Prospective randomised studies on the management of CRE colonisation and infections in neutropenic HM patients are lacking. The major limitations of the study include its monocentric and retrospective design, however, the homogeneous population of high-risk AL patients, the high rate of microbiological documentation, and the >7-years observation period strengthen our results on the benefits of active EAT. Larger studies are needed to confirm our results on the better efficacy of CAZAVI-based EAT over colistin-based EAT, and to compare mono- versus combination EAT in the setting of high-risk patients hospitalized in countries characterized by widespread multidrug resistance.

Conclusion

Colonisation with KPC-K. pneumoniae, in high-risk neutropenic patients with AL was confirmed a major risk factor for infection, mainly KPC-KpBSI. As recently suggested by the ECIL guidelines,12 determination of KPC-K. pneumoniae colonisation may represent an adequate and efficacious tool for selecting HM patients with FN who require the adjustment of EAT, targeted to the potential MDR pathogen, to reduce the rate of inactive EAT and BSI-related mortality.

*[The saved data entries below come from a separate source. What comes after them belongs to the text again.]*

abbreviation "V \<equiv> {0<..<T}"
abbreviation "L \<equiv> curve_length \<eta>"
abbreviation "u \<equiv> ds \<eta>"
abbreviation "u1 \<equiv> ds u"
abbreviation "u2 \<equiv> ds u1"
abbreviation "\<sigma>1 \<equiv> ds \<sigma>"
abbreviation "\<sigma>2 \<equiv> ds \<sigma>1"
abbreviation "\<kappa> t s \<equiv> (norm (u1 t s))\<^sup>2"
abbreviation "I t \<equiv> integral {0..1} (\<lambda>s. \<sigma> t s * \<kappa> t s)"

text \<open>\<open>v = \<partial>\<^sub>s\<^sup>2(\<sigma> \<partial>\<^sub>s\<eta>)\<close>.\<close>
definition v :: "real \<Rightarrow> real \<Rightarrow> 'a" where
  "v t s = \<sigma>2 t s *\<^sub>R u t s + (2 * \<sigma>1 t s) *\<^sub>R u1 t s + \<sigma> t s *\<^sub>R u2 t s"

lemma smooth_eta: "smooth_on2 (V \<times> UNIV) \<eta>"
  and smooth_sigma: "smooth_on2 (V \<times> UNIV) \<sigma>"
  and eta_periodic: "t \<in> V \<Longrightarrow> \<eta> t (s + 1) = \<eta> t s"
  and sigma_periodic: "t \<in> V \<Longrightarrow> \<sigma> t (s + 1) = \<sigma> t s"
  and integral_sigma: "t \<in> V \<Longrightarrow> integral {0..1} (\<sigma> t) = 1"
  and length_pos: "t \<in> V \<Longrightarrow> 0 < L t"
  and norm_u: "t \<in> V \<Longrightarrow> norm (u t s) = L t"
  and flow_eq: "t \<in> V \<Longrightarrow> dt \<eta> t s = (1 / (L t)\<^sup>2) *\<^sub>R ds (\<lambda>t' s'. \<sigma> t' s' *\<^sub>R u t' s') t s"
  and tension_ode: "t \<in> V \<Longrightarrow> \<sigma>2 t s - \<sigma> t s * \<kappa> t s / (L t)\<^sup>2 = - I t / (L t)\<^sup>2"
  using ucsf unfolding ucsf_def by (auto simp: mult.commute)

lemma smooth_u: "smooth_on2 (V \<times> UNIV) u" and smooth_u1: "smooth_on2 (V \<times> UNIV) u1"
  and smooth_u2: "smooth_on2 (V \<times> UNIV) u2" and smooth_sigma1: "smooth_on2 (V \<times> UNIV) \<sigma>1"
  and smooth_sigma2: "smooth_on2 (V \<times> UNIV) \<sigma>2"
  by (intro smooth_on2_ds smooth_eta smooth_sigma)+

lemma u_periodic: "t \<in> V \<Longrightarrow> u t (s + 1) = u t s"
  by (rule ds_periodic[OF smooth_eta]) (auto simp: eta_periodic)

lemma u1_periodic: "t \<in> V \<Longrightarrow> u1 t (s + 1) = u1 t s"
  by (rule ds_periodic[OF smooth_u]) (auto simp: u_periodic)

lemma u2_periodic: "t \<in> V \<Longrightarrow> u2 t (s + 1) = u2 t s"
  by (rule ds_periodic[OF smooth_u1]) (auto simp: u1_periodic)
lemma block_form_null_set:
  assumes "m \<noteq> n" "X \<in> null_sets lborel"
  shows "block_form (\<Phi> X) m n 1 \<beta> = 0"
proof -
  have X: "X \<in> sets borel" using assms(2) by auto
  have "AE \<theta> in lborel. indicator X \<theta> *\<^sub>R phase_form_density m n \<beta> \<theta> = 0"
    using AE_not_in[OF assms(2)] by eventually_elim simp
  then have "(LINT \<theta>:X|lborel. phase_form_density m n \<beta> \<theta>) = 0"
    unfolding set_lebesgue_integral_def by (rule integral_eq_zero_AE)
  then show ?thesis
    using dominated[OF assms(1) X, of \<beta>] effect_block_form_nonneg[OF effect_values[OF X] assms(1), of 1 \<beta>]
    by simp
qed

definition form_density :: "nat \<Rightarrow> nat \<Rightarrow> complex \<Rightarrow> real \<Rightarrow> real" where
  "form_density m n \<beta> = (SOME g. integrable lborel g \<and>
     (\<forall>X\<in>sets borel. (LINT \<theta>:X|lborel. g \<theta>) = block_form (\<Phi> X) m n 1 \<beta>))"

lemma form_density:
  assumes "m \<noteq> n"
  shows "integrable lborel (form_density m n \<beta>)"
    and "X \<in> sets borel \<Longrightarrow> (LINT \<theta>:X|lborel. form_density m n \<beta> \<theta>) = block_form (\<Phi> X) m n 1 \<beta>"
proof -
  obtain g where g: "integrable lborel g" "\<And>X. X \<in> sets borel \<Longrightarrow> (LINT \<theta>:X|lborel. g \<theta>) = block_form (\<Phi> X) m n 1 \<beta>"
    by (rule countably_additive_has_density[OF sigma_finite_lborel, of "\<lambda>X. block_form (\<Phi> X) m n 1 \<beta>"])
      (use assms effect_values effect_block_form_nonneg block_form_sums block_form_null_set in auto)
  have "integrable lborel (form_density m n \<beta>) \<and>
      (\<forall>X\<in>sets borel. (LINT \<theta>:X|lborel. form_density m n \<beta> \<theta>) = block_form (\<Phi> X) m n 1 \<beta>)"
    unfolding form_density_def by (rule someI[where x = g]) (use g in auto)
  then show "integrable lborel (form_density m n \<beta>)"
    and "X \<in> sets borel \<Longrightarrow> (LINT \<theta>:X|lborel. form_density m n \<beta> \<theta>) = block_form (\<Phi> X) m n 1 \<beta>"
    by auto
qed

text \<open>The partner index Suc m is a dummy: at \<beta> = 0 the block form only sees the entry at (m, m).\<close>
definition diag_density :: "nat \<Rightarrow> real \<Rightarrow> real" where
  "diag_density m = form_density m (Suc m) 0"

text \<open>Polarization: block forms at \<beta> = 1 and \<beta> = \<i> recover the real and imaginary part of an entry.\<close>
definition offdiag_density :: "nat \<Rightarrow> nat \<Rightarrow> real \<Rightarrow> complex" where
  "offdiag_density m n \<theta> =
     Complex ((form_density m n 1 \<theta> - diag_density m \<theta> - diag_density n \<theta>) / 2)
             ((diag_density m \<theta> + diag_density n \<theta> - form_density m n \<i> \<theta>) / 2)"

definition block_density :: "nat \<Rightarrow> nat \<Rightarrow> complex \<Rightarrow> real \<Rightarrow> real" where
  "block_density m n \<beta> \<theta> =
     diag_density m \<theta> + (cmod \<beta>)\<^sup>2 * diag_density n \<theta> + 2 * Re (\<beta> * offdiag_density m n \<theta>)"

lemma diag_density:
  shows "integrable lborel (diag_density m)"
    and "X \<in> sets borel \<Longrightarrow> (LINT \<theta>:X|lborel. diag_density m \<theta>) = Re (\<Phi> X m m)"
  using form_density[where m = m and n = "Suc m" and \<beta> = 0]
  by (simp_all add: diag_density_def block_form_def)
(* Let $\triangle ABC$ have side lengths $a=|BC|>b=|CA|>c=|AB|$ and angles $\alpha=\angle A$, $\beta=\angle B$, $\gamma=\angle C$. For $x\in\{a,b,c\}$ let $W_x$ denote the largest area of an equilateral triangle contained in the closed triangle $\triangle ABC$ having one of its sides lying on side $x$. (i) If $60^\circ<\beta<80^\circ<\alpha<90^\circ$, $\alpha/2+\beta<120^\circ$ and $\alpha+\beta/2\ge 120^\circ$, then the minimum of $W_a,W_b,W_c$ is attained on the middle side $b$, and the maximum is attained on both the short side $c$ and the long side $a$ when $\alpha+\beta/2=120^\circ$, and on the long side $a$ when $\alpha+\beta/2>120^\circ$. (ii) If $75^\circ<\beta<90^\circ$, $80^\circ<\alpha<90^\circ$ and $\alpha/2+\beta\ge 120^\circ$, then the maximum of $W_a,W_b,W_c$ is attained on the long side $a$, and the minimum is attained on the short side $c$ when $\alpha/2+\beta>120^\circ$, and on both the short side $c$ and the middle side $b$ when $\alpha/2+\beta=120^\circ$.
   Context: An equilateral triangle of largest area contained in $\triangle ABC$ with one side lying on a given side of $\triangle ABC$ is called the wedged equilateral triangle (WET) on that side; it need not have all three vertices on the boundary of $\triangle ABC$. The max (resp. min) WET is the one of largest (resp. smallest) area among the three sides. *)

theory Defs
  imports "HOL-Analysis.Analysis"
begin

definition angle_at :: "real^2 \<Rightarrow> real^2 \<Rightarrow> real^2 \<Rightarrow> real" where
  "angle_at P Q R = arccos (((Q - P) \<bullet> (R - P)) / (norm (Q - P) * norm (R - P)))"

definition deg :: "real \<Rightarrow> real" where
  "deg x = x * pi / 180"

definition equilateral :: "real^2 \<Rightarrow> real^2 \<Rightarrow> real^2 \<Rightarrow> bool" where
  "equilateral P Q R \<longleftrightarrow> P \<noteq> Q \<and> dist P Q = dist Q R \<and> dist Q R = dist R P"

text \<open>Area of an equilateral triangle of side s is sqrt 3 / 4 * s^2.\<close>
definition WET_area :: "real^2 \<Rightarrow> real^2 \<Rightarrow> real^2 \<Rightarrow> real" where
  "WET_area X Y Z = Sup {sqrt 3 / 4 * (dist P Q)\<^sup>2 | P Q R.
      equilateral P Q R \<and> closed_segment P Q \<subseteq> closed_segment X Y \<and>
      convex hull {P, Q, R} \<subseteq> convex hull {X, Y, Z}}"

end

theory Submission
  imports Defs
begin

text \<open>
  Put the side XY on the first axis of an orthonormal frame at X.  An equilateral triangle of
  side s whose base lies on XY has its apex above the midpoint of the base, at height
  sqrt 3 / 2 * s, and it lies in the triangle iff that midpoint is at distance at least
  s * wet_corner_factor (cot V) from each endpoint V of XY.  Hence the WET on XY has side
  |XY| / (wet_corner_factor (cot X) + wet_corner_factor (cot Y)).

  Under the hypotheses of either part, alpha and beta lie strictly between 60 and 90 degrees,
  so gamma < 60 degrees.  The law of sines then makes the three WET areas proportional to the
  squared sines of alpha, beta and alpha + beta - 60 degrees.  On [0, 180] degrees a larger
  sine means a smaller distance from 90 degrees, so each comparison of areas becomes a linear
  comparison of alpha + 2 beta or 2 alpha + beta with 240 degrees, while a > b gives beta < alpha.
\<close>

section \<open>Trigonometric facts\<close>

lemma eq_pi_minus_if_sin_cos:
  fixes \<theta> \<gamma> :: real
  assumes bounds: "0 < \<theta>" "\<theta> < 2 * pi" "0 < \<gamma>" "\<gamma> < pi"
    and sin_eq: "sin \<theta> = sin \<gamma>" and cos_eq: "cos \<theta> = - cos \<gamma>"
  shows "\<theta> = pi - \<gamma>"
proof -
  have "0 < sin \<theta>"
    using bounds sin_eq by (simp add: sin_gt_zero)
  have "\<theta> < pi"
  proof (rule ccontr)
    assume "\<not> \<theta> < pi"
    then have "sin \<theta> \<le> 0"
      using bounds sin_lt_zero[of \<theta>] by (cases "\<theta> = pi") simp_all
    with \<open>0 < sin \<theta>\<close> show False
      by simp
  qed
  show ?thesis
    by (rule cos_inj_pi) (use bounds \<open>\<theta> < pi\<close> cos_eq in auto)
qed

lemma sin_eq_cos_dist_pi_half: "sin x = cos \<bar>x - pi / 2\<bar>"
  by (simp add: cos_diff)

Among febrile neutropenic patients with AL who are KPC-K pneumoniae carriers, empirical treatment with antibiotics active against KPC-K. pneumoniae, mainly CAZAVI-based combinations, was effective, safe, and associated with low overall and KPC-KpBSI-related mortality.

Ethical Approval

For this observational retrospective study has been obtained from the Institutional Review Board (IRB) and the Internal Ethical Committee of the Department of Translational and Precision Medicine, Sapienza University of Rome, Italy.

Funding

No external funding was received for this study.

Disclosure

Dr. A. Micozzi and Dr. G. Gentile report support for attending meetings and travelling from Pfizer and Gilead. The other authors report no conflicts of interest in this work.